Short-term buy-and-sell signals are generated by the MACD line and the signal line. If the MACD line crosses above the signal line, this may be interpreted as a buy signal. Alternatively, if the MACD line crosses below the signal line, this may be interpreted as a sell signal. These 2 lines fluctuate around the zero line, which is labeled on the right-hand Y axis of the bottom panel of the chart above. A sell signal is given when the signal line or the MACD line crosses below the zero line, and a buy signal is given when either cross above the zero line. The zero line is also significant because it can act as support and resistance.

Oscillators like MACD are generally most valuable when they reach their boundary's extreme levels. However, MACD can theoretically rise or fall indefinitely. If you were to apply relative extremes to the MACD indicator (i.e., the MACD and signal lines are relatively far away from the zero line), the signals would be as follows: When the MACD line is relatively well below the zero line in extremely negative territory, it can suggest an investment may be oversold (i.e., a buy signal). Alternatively, when MACD is relatively well above the zero line in extremely positive territory, it can suggest an investment may be overbought (i.e., a sell signal).

What MACD says about stocks now

Currently, the MACD line and signal line are both above the zero line, suggesting stocks may be overbought (i.e., a bearish signal). However, they are not at extreme overbought readings, which makes for a relatively weaker signal given by MACD. For comparison, MACD reached an extreme oversold reading (i.e., under negative 20) in the fall of 2020 and have rallied significantly since then. The MACD line and signal line crossed above the zero line (a buy signal) in early November 2020 and stocks have rallied since that signal. The next possible signal here would be the MACD and signal lines crossing below the zero line, a bearish signal.

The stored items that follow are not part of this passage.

locale degree3_reduction =
  fixes V :: "'v set" and E :: "'e set" and inc :: "'e \<Rightarrow> 'v set"
    and v a b c :: 'v and ea eb ec eab :: 'e
  assumes wf: "wf_graph V E inc"
    and edges_at_v: "{e \<in> E. v \<in> inc e} = {ea, eb, ec}"
    and distinct_edges: "ea \<noteq> eb" "ea \<noteq> ec" "eb \<noteq> ec"
    and inc_a: "inc ea = {v, a}" and inc_b: "inc eb = {v, b}" and inc_c: "inc ec = {v, c}"
    and fresh: "eab \<notin> E"
begin

abbreviation "V' \<equiv> V - {v}"
abbreviation "E' \<equiv> E - {ea, eb, ec} \<union> {eab}"
abbreviation "inc' \<equiv> inc(eab := {a, b})"

lemma edges_in_E: "ea \<in> E" "eb \<in> E" "ec \<in> E"
  using edges_at_v by blast+

lemma edge_at_v: "g \<in> E \<Longrightarrow> v \<in> inc g \<Longrightarrow> g = ea \<or> g = eb \<or> g = ec"
  using edges_at_v by blast

lemma neighbours: "a \<in> V" "a \<noteq> v" "b \<in> V" "b \<noteq> v" "c \<in> V" "c \<noteq> v"
proof -
  have ends: "\<forall>e\<in>E. inc e \<subseteq> V \<and> card (inc e) = 2"
    using wf unfolding wf_graph_def by blast
  show "a \<in> V" "b \<in> V" "c \<in> V"
    using ends edges_in_E inc_a inc_b inc_c by blast+
  show "a \<noteq> v" "b \<noteq> v" "c \<noteq> v"
    using ends edges_in_E inc_a inc_b inc_c by force+
qed

lemma inc'_agrees: "X \<subseteq> E \<Longrightarrow> \<forall>g\<in>X. inc' g = inc g"
  using fresh by auto

text \<open>A cycle through e_a or e_b must use both, as v has no other edge, so it would give an
  a-b path in S' - {e_ab}; any other cycle avoids v and contracts to a cycle of S'.\<close>

lemma acyclic_edges_expand:
  assumes S'E': "S' \<subseteq> E'" and acyc: "acyclic_edges inc' S'" and eab: "eab \<in> S'"
  shows "acyclic_edges inc (S' - {eab} \<union> {ea, eb})"
  unfolding acyclic_edges_iff
proof (intro ballI allI impI notI)
  let ?S = "S' - {eab} \<union> {ea, eb}"
  have agree: "\<forall>g\<in>S' - {eab}. inc' g = inc g" by simp
  have off_v: "\<forall>g\<in>S' - {eab}. v \<notin> inc g"
    using S'E' edge_at_v by blast
  have not_in_S': "ea \<notin> S'" "eb \<notin> S'" using S'E' edges_in_E fresh by auto
  have "\<not> reachable inc' (S' - {eab}) a b"
    using acyc eab unfolding acyclic_edges_iff by (metis fun_upd_same)
  then have no_ab: "\<not> reachable inc (S' - {eab}) a b"
    using reachable_cong[OF agree] by blast
  fix g p q
  assume g: "g \<in> ?S" and inc_g: "inc g = {p, q}" and r: "reachable inc (?S - {g}) p q"
  consider "g = ea" | "g = eb" | "g \<in> S' - {eab}" using g by auto
  then show False
  proof cases
    case 1
    then have av: "reachable inc (?S - {ea}) a v" using inc_g inc_a r reachable_sym
      by (auto simp: doubleton_eq_iff)
    have "\<forall>h\<in>?S - {ea}. v \<in> inc h \<longrightarrow> h = eb" using off_v by auto
    from reachable_remove_pendant_edge[OF this inc_b av neighbours(2)]
    have "reachable inc (?S - {ea} - {eb}) a b" by simp
    moreover have "?S - {ea} - {eb} = S' - {eab}" using not_in_S' distinct_edges by auto
    ultimately show False using no_ab by simp
  next
    case 2
    then have bv: "reachable inc (?S - {eb}) b v" using inc_g inc_b r reachable_sym
      by (auto simp: doubleton_eq_iff)
    have "\<forall>h\<in>?S - {eb}. v \<in> inc h \<longrightarrow> h = ea" using off_v by auto
    from reachable_remove_pendant_edge[OF this inc_a bv neighbours(4)]
    have "reachable inc (?S - {eb} - {ea}) b a" by simp
    moreover have "?S - {eb} - {ea} = S' - {eab}" using not_in_S' distinct_edges by auto
    ultimately show False using no_ab reachable_sym by metis
  next
    case 3
    then have pq: "p \<noteq> v" "q \<noteq> v" using off_v inc_g by auto
    have "\<forall>h\<in>?S - {g}. v \<in> inc h \<longrightarrow> h = ea \<or> h = eb" using off_v by auto
    moreover have "eab \<notin> ?S - {g}" using not_in_S' fresh edges_in_E by auto
    ultimately have "reachable inc' (?S - {g} - {ea, eb} \<union> {eab}) p q"
      using reachable_contract_path[OF _ inc_a inc_b _ r pq(1)] pq(2) by simp
    moreover have "?S - {g} - {ea, eb} \<union> {eab} = S' - {g}" using 3 eab not_in_S' by auto
    moreover have "inc' g = {p, q}" using agree 3 inc_g by auto
    ultimately show False
      using acyc 3 unfolding acyclic_edges_iff by (metis DiffD1)
  qed
qed

lemma spanning_tree_expand:
  assumes tree: "spanning_tree V' E' inc' S'" and eab: "eab \<in> S'"
  shows "spanning_tree V E inc (S' - {eab} \<union> {ea, eb})"
proof -
  let ?S = "S' - {eab} \<union> {ea, eb}"
  have S'E': "S' \<subseteq> E'" and conn: "connected_on V' inc' S'" and acyc: "acyclic_edges inc' S'"
    using tree unfolding spanning_tree_def by auto
  have "reachable inc ?S a u" if "u \<in> V" for u
  proof (cases "u = v")
    case True
    then show ?thesis using inc_a by (intro reachable_edge[of ea]) (auto simp: insert_commute)
  next
    case False
    then have "reachable inc' S' a u"
      using conn that neighbours unfolding connected_on_def by blast
    then show ?thesis using reachable_expand_edge[where eab=eab, OF inc_a inc_b] by blast
  qed
  then have "connected_on V inc ?S"
    unfolding connected_on_def by (metis reachable_sym reachable_trans)
  moreover have "?S \<subseteq> E" using S'E' edges_in_E by auto
  ultimately show ?thesis
    unfolding spanning_tree_def using acyclic_edges_expand[OF S'E' acyc eab] by blast
qed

The difference line, represented in the chart above by the blue bars, is typically presented as a bar chart around the zero line. This bar chart represents the difference between the MACD line and the signal line, and is designed to help depict when a crossover may take place. Recall that a crossover generates buy and sell signals. A narrowing of the difference line (i.e., when the bars decrease) illustrates the potential for a crossover.

The next crossover between the MACD and signal line would be a bullish signal, following the bearish crossover that occurred on August 17. It is worth noting that, within the context of this indicator, these crossover signals occur quite frequently, are viewed as a very short-term signal, and should not be interpreted as being as significant as longer-term crossover signals.

Confirming the trend

One technique that technical analysts may use to confirm the direction of the trend is to determine whether the MACD indicator is making higher highs or lower lows in conjunction with the price. Some traders that utilize this strategy wait for a "trigger," or some sort of confirmation of the divergence. Only the S&P 500 has been making higher highs and higher lows since early July, indicating no clear trend from this signal.

In sum, the various signals generated by MACD appear not to be all that clear—with some being conflicting. This potentially suggests short-term caution may be warranted, according to this indicator. Of course, real world events—especially developments with the Delta variant and the outcome of negotiations on infrastructure and reconciliation packages—will drive markets over chart patterns. Indeed, you should never use a technical indicator in isolation. With that said, indicators like MACD can be one of many tools you use to evaluate market trends.